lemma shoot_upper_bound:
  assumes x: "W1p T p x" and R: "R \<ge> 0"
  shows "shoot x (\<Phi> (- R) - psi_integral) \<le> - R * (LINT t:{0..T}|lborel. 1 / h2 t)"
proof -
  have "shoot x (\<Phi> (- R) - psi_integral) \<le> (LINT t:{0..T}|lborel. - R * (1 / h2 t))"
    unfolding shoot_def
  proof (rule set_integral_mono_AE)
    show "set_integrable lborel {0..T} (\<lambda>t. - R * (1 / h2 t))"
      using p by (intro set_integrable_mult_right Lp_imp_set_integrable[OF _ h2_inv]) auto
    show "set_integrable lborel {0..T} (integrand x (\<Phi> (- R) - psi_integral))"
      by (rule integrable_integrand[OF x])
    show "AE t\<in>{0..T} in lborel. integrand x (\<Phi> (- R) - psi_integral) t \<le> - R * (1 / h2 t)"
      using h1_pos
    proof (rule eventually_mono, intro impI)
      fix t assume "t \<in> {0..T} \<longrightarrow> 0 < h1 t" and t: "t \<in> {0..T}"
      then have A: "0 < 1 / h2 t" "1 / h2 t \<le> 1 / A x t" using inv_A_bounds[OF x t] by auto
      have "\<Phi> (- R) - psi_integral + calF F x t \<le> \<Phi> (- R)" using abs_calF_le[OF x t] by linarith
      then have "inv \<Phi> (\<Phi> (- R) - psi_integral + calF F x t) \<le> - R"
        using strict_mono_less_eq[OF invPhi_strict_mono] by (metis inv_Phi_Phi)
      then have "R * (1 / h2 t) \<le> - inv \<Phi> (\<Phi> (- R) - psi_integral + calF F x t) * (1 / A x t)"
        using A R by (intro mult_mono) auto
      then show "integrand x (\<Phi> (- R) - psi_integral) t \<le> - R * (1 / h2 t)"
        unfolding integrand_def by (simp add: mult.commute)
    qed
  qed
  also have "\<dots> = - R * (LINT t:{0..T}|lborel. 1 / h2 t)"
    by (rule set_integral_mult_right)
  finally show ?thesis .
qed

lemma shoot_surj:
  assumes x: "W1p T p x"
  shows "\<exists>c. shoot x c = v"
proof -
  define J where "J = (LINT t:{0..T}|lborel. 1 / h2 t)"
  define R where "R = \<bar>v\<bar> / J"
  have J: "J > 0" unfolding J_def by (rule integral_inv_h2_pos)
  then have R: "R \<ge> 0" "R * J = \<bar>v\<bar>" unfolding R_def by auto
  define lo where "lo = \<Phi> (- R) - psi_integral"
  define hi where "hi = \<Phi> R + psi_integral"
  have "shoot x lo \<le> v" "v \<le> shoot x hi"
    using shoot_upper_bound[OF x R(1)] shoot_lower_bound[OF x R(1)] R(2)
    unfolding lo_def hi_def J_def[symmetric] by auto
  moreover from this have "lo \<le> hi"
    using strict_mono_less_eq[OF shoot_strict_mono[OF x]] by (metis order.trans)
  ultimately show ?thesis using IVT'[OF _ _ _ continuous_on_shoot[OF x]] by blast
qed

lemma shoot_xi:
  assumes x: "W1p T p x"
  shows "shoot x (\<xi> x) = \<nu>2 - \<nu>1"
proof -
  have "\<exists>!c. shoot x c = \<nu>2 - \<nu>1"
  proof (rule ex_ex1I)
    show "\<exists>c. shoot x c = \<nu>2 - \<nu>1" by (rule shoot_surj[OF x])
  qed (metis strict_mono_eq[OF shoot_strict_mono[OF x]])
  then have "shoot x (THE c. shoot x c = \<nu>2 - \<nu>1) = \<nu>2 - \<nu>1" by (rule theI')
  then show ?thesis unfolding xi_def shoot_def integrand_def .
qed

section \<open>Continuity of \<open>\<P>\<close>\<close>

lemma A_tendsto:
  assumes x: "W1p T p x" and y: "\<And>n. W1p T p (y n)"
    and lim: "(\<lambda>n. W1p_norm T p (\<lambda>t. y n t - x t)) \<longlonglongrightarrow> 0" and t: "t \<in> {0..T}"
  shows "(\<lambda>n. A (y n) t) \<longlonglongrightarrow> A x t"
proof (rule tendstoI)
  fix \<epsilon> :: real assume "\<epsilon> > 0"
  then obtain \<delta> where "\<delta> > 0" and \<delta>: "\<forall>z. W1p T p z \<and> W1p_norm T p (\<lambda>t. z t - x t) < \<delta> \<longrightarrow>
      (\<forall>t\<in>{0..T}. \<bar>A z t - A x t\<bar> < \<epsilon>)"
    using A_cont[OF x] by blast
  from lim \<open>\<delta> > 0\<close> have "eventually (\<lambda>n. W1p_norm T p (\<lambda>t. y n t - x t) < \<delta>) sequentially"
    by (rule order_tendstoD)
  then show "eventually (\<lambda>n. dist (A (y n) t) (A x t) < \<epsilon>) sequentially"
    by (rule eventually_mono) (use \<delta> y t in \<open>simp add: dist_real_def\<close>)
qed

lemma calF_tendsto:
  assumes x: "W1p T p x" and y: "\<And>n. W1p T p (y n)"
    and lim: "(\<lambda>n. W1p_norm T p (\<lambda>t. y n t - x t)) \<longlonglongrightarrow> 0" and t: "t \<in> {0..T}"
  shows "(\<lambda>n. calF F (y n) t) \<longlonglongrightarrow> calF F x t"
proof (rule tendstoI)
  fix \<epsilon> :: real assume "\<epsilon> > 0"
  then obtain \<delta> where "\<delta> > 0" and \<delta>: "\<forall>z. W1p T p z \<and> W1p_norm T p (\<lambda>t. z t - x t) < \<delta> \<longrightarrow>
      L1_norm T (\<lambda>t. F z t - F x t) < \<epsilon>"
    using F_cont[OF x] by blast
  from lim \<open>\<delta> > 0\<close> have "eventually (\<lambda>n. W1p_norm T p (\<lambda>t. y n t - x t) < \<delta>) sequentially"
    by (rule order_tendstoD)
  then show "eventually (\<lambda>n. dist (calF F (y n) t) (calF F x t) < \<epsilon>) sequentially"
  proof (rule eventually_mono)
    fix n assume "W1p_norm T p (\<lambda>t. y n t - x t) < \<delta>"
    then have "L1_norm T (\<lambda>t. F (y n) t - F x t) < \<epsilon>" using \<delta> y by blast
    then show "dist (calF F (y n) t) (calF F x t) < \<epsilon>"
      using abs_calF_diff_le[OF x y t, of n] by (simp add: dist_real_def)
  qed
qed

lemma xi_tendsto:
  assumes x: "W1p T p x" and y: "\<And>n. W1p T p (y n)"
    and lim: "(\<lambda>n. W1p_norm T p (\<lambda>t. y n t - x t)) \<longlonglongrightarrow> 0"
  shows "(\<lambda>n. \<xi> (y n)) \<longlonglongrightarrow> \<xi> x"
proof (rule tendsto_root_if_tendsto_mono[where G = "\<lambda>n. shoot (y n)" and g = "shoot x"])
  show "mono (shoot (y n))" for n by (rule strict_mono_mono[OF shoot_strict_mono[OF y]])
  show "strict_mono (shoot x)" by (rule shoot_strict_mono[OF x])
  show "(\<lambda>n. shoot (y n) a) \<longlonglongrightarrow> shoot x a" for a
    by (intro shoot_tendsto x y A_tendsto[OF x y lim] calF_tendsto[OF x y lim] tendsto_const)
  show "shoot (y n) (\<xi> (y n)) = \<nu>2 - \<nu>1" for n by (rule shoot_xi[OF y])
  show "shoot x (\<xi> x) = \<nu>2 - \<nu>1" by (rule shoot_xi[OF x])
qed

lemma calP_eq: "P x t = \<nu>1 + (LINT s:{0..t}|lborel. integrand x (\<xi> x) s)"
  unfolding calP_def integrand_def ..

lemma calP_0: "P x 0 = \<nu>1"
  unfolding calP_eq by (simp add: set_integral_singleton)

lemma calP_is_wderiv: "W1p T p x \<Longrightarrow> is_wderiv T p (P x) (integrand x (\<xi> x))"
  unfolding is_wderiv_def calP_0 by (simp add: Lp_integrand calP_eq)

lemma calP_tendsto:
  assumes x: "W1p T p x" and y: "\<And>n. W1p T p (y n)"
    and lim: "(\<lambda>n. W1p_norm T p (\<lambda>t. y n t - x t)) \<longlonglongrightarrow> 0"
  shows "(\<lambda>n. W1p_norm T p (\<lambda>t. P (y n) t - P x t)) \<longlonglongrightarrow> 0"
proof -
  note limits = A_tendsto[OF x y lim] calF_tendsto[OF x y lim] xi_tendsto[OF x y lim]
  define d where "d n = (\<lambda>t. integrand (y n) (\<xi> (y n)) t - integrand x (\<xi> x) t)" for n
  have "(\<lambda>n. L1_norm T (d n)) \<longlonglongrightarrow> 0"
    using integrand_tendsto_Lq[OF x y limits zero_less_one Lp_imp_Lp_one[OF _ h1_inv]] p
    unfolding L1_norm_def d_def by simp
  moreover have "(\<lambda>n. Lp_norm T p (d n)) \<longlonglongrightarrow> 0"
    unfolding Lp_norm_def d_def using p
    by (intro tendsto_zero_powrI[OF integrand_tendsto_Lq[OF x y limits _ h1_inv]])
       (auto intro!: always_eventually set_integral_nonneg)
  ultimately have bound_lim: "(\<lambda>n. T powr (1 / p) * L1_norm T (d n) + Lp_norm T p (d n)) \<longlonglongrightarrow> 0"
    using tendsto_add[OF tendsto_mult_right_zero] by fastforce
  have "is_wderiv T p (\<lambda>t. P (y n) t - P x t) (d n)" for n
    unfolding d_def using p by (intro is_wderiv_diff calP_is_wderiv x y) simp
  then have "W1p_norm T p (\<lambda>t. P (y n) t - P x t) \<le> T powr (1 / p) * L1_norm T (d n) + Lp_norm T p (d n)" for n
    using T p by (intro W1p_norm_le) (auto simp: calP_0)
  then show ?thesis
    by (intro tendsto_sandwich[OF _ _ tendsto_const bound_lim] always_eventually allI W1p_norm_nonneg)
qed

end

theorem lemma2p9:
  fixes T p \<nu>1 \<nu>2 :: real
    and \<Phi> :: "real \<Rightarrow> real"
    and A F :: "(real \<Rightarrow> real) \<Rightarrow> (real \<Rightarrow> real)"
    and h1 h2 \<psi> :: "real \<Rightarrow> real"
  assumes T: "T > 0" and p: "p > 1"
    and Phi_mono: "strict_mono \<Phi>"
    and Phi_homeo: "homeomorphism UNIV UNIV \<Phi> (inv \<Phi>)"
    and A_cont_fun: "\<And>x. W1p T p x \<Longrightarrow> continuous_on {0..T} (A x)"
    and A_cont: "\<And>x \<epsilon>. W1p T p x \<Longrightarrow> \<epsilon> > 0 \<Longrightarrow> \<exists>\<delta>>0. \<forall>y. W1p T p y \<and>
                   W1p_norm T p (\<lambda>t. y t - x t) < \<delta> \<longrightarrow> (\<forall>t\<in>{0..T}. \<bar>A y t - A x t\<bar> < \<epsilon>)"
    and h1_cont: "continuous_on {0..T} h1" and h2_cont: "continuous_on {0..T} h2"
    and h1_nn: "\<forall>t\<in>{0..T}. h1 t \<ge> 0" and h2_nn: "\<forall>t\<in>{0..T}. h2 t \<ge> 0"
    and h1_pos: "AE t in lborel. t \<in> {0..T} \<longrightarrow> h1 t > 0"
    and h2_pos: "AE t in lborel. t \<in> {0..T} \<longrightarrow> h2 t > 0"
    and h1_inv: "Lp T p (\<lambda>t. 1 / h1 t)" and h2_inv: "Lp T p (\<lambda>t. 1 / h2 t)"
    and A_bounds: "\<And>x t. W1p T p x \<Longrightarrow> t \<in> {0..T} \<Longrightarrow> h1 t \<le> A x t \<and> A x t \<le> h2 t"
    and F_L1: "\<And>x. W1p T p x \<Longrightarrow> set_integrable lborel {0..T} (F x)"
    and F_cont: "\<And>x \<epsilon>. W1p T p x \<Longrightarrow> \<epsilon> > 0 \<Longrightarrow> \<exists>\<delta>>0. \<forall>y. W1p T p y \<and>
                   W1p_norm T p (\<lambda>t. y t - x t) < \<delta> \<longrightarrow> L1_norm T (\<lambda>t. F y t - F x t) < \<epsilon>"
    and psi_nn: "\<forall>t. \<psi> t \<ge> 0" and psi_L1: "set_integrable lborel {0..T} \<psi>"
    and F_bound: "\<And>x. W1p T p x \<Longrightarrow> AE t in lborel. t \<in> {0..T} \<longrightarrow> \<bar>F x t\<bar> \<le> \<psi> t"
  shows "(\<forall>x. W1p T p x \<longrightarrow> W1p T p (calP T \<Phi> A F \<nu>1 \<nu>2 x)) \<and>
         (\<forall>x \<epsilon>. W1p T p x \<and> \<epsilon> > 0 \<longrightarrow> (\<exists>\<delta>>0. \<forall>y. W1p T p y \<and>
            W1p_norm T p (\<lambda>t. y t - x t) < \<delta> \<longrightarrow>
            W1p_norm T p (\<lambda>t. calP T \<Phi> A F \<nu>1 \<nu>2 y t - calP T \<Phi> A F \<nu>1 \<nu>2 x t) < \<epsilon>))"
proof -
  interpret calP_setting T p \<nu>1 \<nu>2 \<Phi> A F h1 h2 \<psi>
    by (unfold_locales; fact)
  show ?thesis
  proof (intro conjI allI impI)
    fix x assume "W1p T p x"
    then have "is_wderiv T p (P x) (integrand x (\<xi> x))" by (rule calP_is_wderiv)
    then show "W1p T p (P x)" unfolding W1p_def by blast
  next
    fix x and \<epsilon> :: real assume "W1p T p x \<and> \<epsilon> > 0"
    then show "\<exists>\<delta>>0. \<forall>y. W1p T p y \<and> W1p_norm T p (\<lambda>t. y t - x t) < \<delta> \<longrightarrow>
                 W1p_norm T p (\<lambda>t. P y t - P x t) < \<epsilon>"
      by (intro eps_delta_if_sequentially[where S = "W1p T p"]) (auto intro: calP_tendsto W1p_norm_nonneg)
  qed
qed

= Task prompt =
Considering only the material above, set down every line from the one with "(\<lambda>t. - R" to the one with "(integrand x (\<Phi>", inclusive, exactly as written.

= Task solution =
    show "set_integrable lborel {0..T} (\<lambda>t. - R * (1 / h2 t))"
      using p by (intro set_integrable_mult_right Lp_imp_set_integrable[OF _ h2_inv]) auto
    show "set_integrable lborel {0..T} (integrand x (\<Phi> (- R) - psi_integral))"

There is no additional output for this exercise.